EXERCISE BRIEF:
Beneath this line are the data; copy exactly the part of them that opens with the line containing "using ss unfolding gamma_AGss_def gamma_AG_def" and closes with the line containing "fix a assume", and only that part.

START RECORDS SHOWN

(* Let $S$ be an intra-regular $\Gamma$-AG$^{**}$-groupoid and let $I_s$ be the set of all two-sided $\Gamma$-ideals of $S$. Then for $A,B\in I_s$ we have $A\Gamma B\in I_s$, and $(I_s,\ (A,B)\mapsto A\Gamma B)$ is a semilattice: the operation is commutative, associative and idempotent ($A\Gamma B=B\Gamma A$, $(A\Gamma B)\Gamma C=A\Gamma(B\Gamma C)$, $A\Gamma A=A$).
   Context: Let $S$ and $\Gamma$ be nonempty sets with a map $S\times\Gamma\times S\to S$, $(x,\gamma,y)\mapsto x\gamma y$. $S$ is a $\Gamma$-AG-groupoid if $(x\gamma y)\delta z=(z\gamma y)\delta x$ for all $x,y,z\in S$, $\gamma,\delta\in\Gamma$; it is a $\Gamma$-AG$^{**}$-groupoid if moreover $a\alpha(b\beta c)=b\alpha(a\beta c)$ for all $a,b,c\in S$, $\alpha,\beta\in\Gamma$. For subsets $A,B\subseteq S$, $A\Gamma B=\{a\gamma b: a\in A,\gamma\in\Gamma,b\in B\}$. $S$ is intra-regular if for every $a\in S$ there exist $x,y\in S$ and $\beta,\gamma,\delta\in\Gamma$ with $a=(x\beta(a\delta a))\gamma y$. A nonempty subset $A$ is a two-sided $\Gamma$-ideal if $S\Gamma A\subseteq A$ and $A\Gamma S\subseteq A$. *)

theory Defs
  imports Main
begin

(* S is modelled as the type 's, Gamma as the type 'g (both nonempty sets);
   the ternary operation (x, gamma, y) |-> x gamma y is  m x gamma y. *)

definition gamma_AG :: "('s \<Rightarrow> 'g \<Rightarrow> 's \<Rightarrow> 's) \<Rightarrow> bool" where
  "gamma_AG m \<longleftrightarrow> (\<forall>x y z \<gamma> \<delta>. m (m x \<gamma> y) \<delta> z = m (m z \<gamma> y) \<delta> x)"

definition gamma_AGss :: "('s \<Rightarrow> 'g \<Rightarrow> 's \<Rightarrow> 's) \<Rightarrow> bool" where
  "gamma_AGss m \<longleftrightarrow> gamma_AG m \<and> (\<forall>a b c \<alpha> \<beta>. m a \<alpha> (m b \<beta> c) = m b \<alpha> (m a \<beta> c))"

definition gset_mult :: "('s \<Rightarrow> 'g \<Rightarrow> 's \<Rightarrow> 's) \<Rightarrow> 's set \<Rightarrow> 's set \<Rightarrow> 's set" where
  "gset_mult m A B = {m a \<gamma> b | a \<gamma> b. a \<in> A \<and> b \<in> B}"

definition intra_regular :: "('s \<Rightarrow> 'g \<Rightarrow> 's \<Rightarrow> 's) \<Rightarrow> bool" where
  "intra_regular m \<longleftrightarrow> (\<forall>a. \<exists>x y \<beta> \<gamma> \<delta>. a = m (m x \<beta> (m a \<delta> a)) \<gamma> y)"

definition two_sided_gamma_ideal :: "('s \<Rightarrow> 'g \<Rightarrow> 's \<Rightarrow> 's) \<Rightarrow> 's set \<Rightarrow> bool" where
  "two_sided_gamma_ideal m A \<longleftrightarrow> A \<noteq> {} \<and> gset_mult m UNIV A \<subseteq> A \<and> gset_mult m A UNIV \<subseteq> A"

end

theory Submission
  imports Defs
begin

(* In an intra-regular Gamma-AG**-groupoid the product of two-sided Gamma-ideals
   is their intersection: A Gamma B = A \<inter> B.  Once this is known, the semilattice
   laws for Gamma-multiplication of ideals are just the semilattice laws of \<inter>. *)

lemma gset_mult_iff:
  "c \<in> gset_mult m A B \<longleftrightarrow> (\<exists>a \<gamma> b. a \<in> A \<and> b \<in> B \<and> c = m a \<gamma> b)"
  unfolding gset_mult_def by blast

lemma left_ideal_closed:
  assumes "gset_mult m UNIV A \<subseteq> A" and "a \<in> A"
  shows "m x \<gamma> a \<in> A"
  using assms unfolding gset_mult_def by blast

lemma right_ideal_closed:
  assumes "gset_mult m A UNIV \<subseteq> A" and "a \<in> A"
  shows "m a \<gamma> x \<in> A"
  using assms unfolding gset_mult_def by blast

lemma gset_mult_subset_Int:
  assumes "gset_mult m A UNIV \<subseteq> A" and "gset_mult m UNIV B \<subseteq> B"
  shows "gset_mult m A B \<subseteq> A \<inter> B"
  using assms unfolding gset_mult_def by blast

(* The factorisation behind the reverse inclusion: by intra-regularity
   a = (x \<beta> (a \<delta> a)) \<gamma> y; the AG** law turns x \<beta> (a \<delta> a) into a \<beta> (x \<delta> a),
   and the left invertive law then swaps a and y. *)
lemma intra_regular_factor:
  fixes m :: "'s \<Rightarrow> 'g \<Rightarrow> 's \<Rightarrow> 's"
  assumes ss: "gamma_AGss m" and ir: "intra_regular m"
  shows "\<exists>x y \<beta> \<gamma> \<delta>. a = m (m y \<beta> (m x \<delta> a)) \<gamma> a"
proof -
  obtain x y \<beta> \<gamma> \<delta> where a: "a = m (m x \<beta> (m a \<delta> a)) \<gamma> y"
    using ir unfolding intra_regular_def by blast
  have medial: "m x \<beta> (m a \<delta> a) = m a \<beta> (m x \<delta> a)"
    using ss unfolding gamma_AGss_def by blast
  have invertive: "m (m a \<beta> (m x \<delta> a)) \<gamma> y = m (m y \<beta> (m x \<delta> a)) \<gamma> a"
    using ss unfolding gamma_AGss_def gamma_AG_def by blast
  have "a = m (m y \<beta> (m x \<delta> a)) \<gamma> a"
    using a medial invertive by simp
  then show ?thesis by blast
qed

lemma Int_subset_gset_mult:
  assumes "gamma_AGss m" and "intra_regular m" and A: "gset_mult m UNIV A \<subseteq> A"
  shows "A \<inter> B \<subseteq> gset_mult m A B"
proof
  fix a assume a: "a \<in> A \<inter> B"
  obtain x y \<beta> \<gamma> \<delta> where fac: "a = m (m y \<beta> (m x \<delta> a)) \<gamma> a"
    using intra_regular_factor[OF assms(1,2)] by blast
  have "m y \<beta> (m x \<delta> a) \<in> A"
    using A a by (blast intro: left_ideal_closed)
  then show "a \<in> gset_mult m A B"
    using a fac unfolding gset_mult_iff by blast
qed

lemma gset_mult_ideals_eq_Int:
  assumes "gamma_AGss m" and "intra_regular m"
    and A: "two_sided_gamma_ideal m A" and B: "two_sided_gamma_ideal m B"
  shows "gset_mult m A B = A \<inter> B"
proof (rule equalityI)
  show "gset_mult m A B \<subseteq> A \<inter> B"
    using A B unfolding two_sided_gamma_ideal_def by (intro gset_mult_subset_Int) simp_all
  show "A \<inter> B \<subseteq> gset_mult m A B"
    using assms(1,2) A unfolding two_sided_gamma_ideal_def by (intro Int_subset_gset_mult) simp_all
qed

(* Two-sided Gamma-ideals are closed under intersection; the intersection is
   nonempty because it contains a \<gamma> b for any a \<in> A, b \<in> B. *)
lemma two_sided_gamma_ideal_Int:
  assumes A: "two_sided_gamma_ideal m A" and B: "two_sided_gamma_ideal m B"
  shows "two_sided_gamma_ideal m (A \<inter> B)"
proof -
  obtain a b where ab: "a \<in> A" "b \<in> B"
    using A B unfolding two_sided_gamma_ideal_def by blast
  have "m a \<gamma> b \<in> A \<inter> B" for \<gamma>
    using A B ab unfolding two_sided_gamma_ideal_def
    by (blast intro: left_ideal_closed right_ideal_closed)
  then have "A \<inter> B \<noteq> {}" by blast
  then show ?thesis
    using A B unfolding two_sided_gamma_ideal_def gset_mult_def by blast
qed

theorem mainTheorem19:
  fixes m :: "'s \<Rightarrow> 'g \<Rightarrow> 's \<Rightarrow> 's"
  assumes "gamma_AGss m" and "intra_regular m"
  shows "(\<forall>A B. two_sided_gamma_ideal m A \<and> two_sided_gamma_ideal m B
              \<longrightarrow> two_sided_gamma_ideal m (gset_mult m A B))
       \<and> (\<forall>A B. two_sided_gamma_ideal m A \<and> two_sided_gamma_ideal m B
              \<longrightarrow> gset_mult m A B = gset_mult m B A)
       \<and> (\<forall>A B C. two_sided_gamma_ideal m A \<and> two_sided_gamma_ideal m B \<and> two_sided_gamma_ideal m C
              \<longrightarrow> gset_mult m (gset_mult m A B) C = gset_mult m A (gset_mult m B C))
       \<and> (\<forall>A. two_sided_gamma_ideal m A \<longrightarrow> gset_mult m A A = A)"
proof -
  note prod_eq_Int = gset_mult_ideals_eq_Int[OF assms]
  show ?thesis
  proof (intro conjI allI impI)
    fix A B C
    assume "two_sided_gamma_ideal m A \<and> two_sided_gamma_ideal m B \<and> two_sided_gamma_ideal m C"
    then show "gset_mult m (gset_mult m A B) C = gset_mult m A (gset_mult m B C)"
      by (simp add: prod_eq_Int two_sided_gamma_ideal_Int Int_assoc)
  qed (auto simp: prod_eq_Int two_sided_gamma_ideal_Int Int_commute)
qed

end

END RECORDS SHOWN

SOLUTION FOR THIS TASK:
    using ss unfolding gamma_AGss_def gamma_AG_def by blast
  have "a = m (m y \<beta> (m x \<delta> a)) \<gamma> a"
    using a medial invertive by simp
  then show ?thesis by blast
qed

lemma Int_subset_gset_mult:
  assumes "gamma_AGss m" and "intra_regular m" and A: "gset_mult m UNIV A \<subseteq> A"
  shows "A \<inter> B \<subseteq> gset_mult m A B"
proof
  fix a assume a: "a \<in> A \<inter> B"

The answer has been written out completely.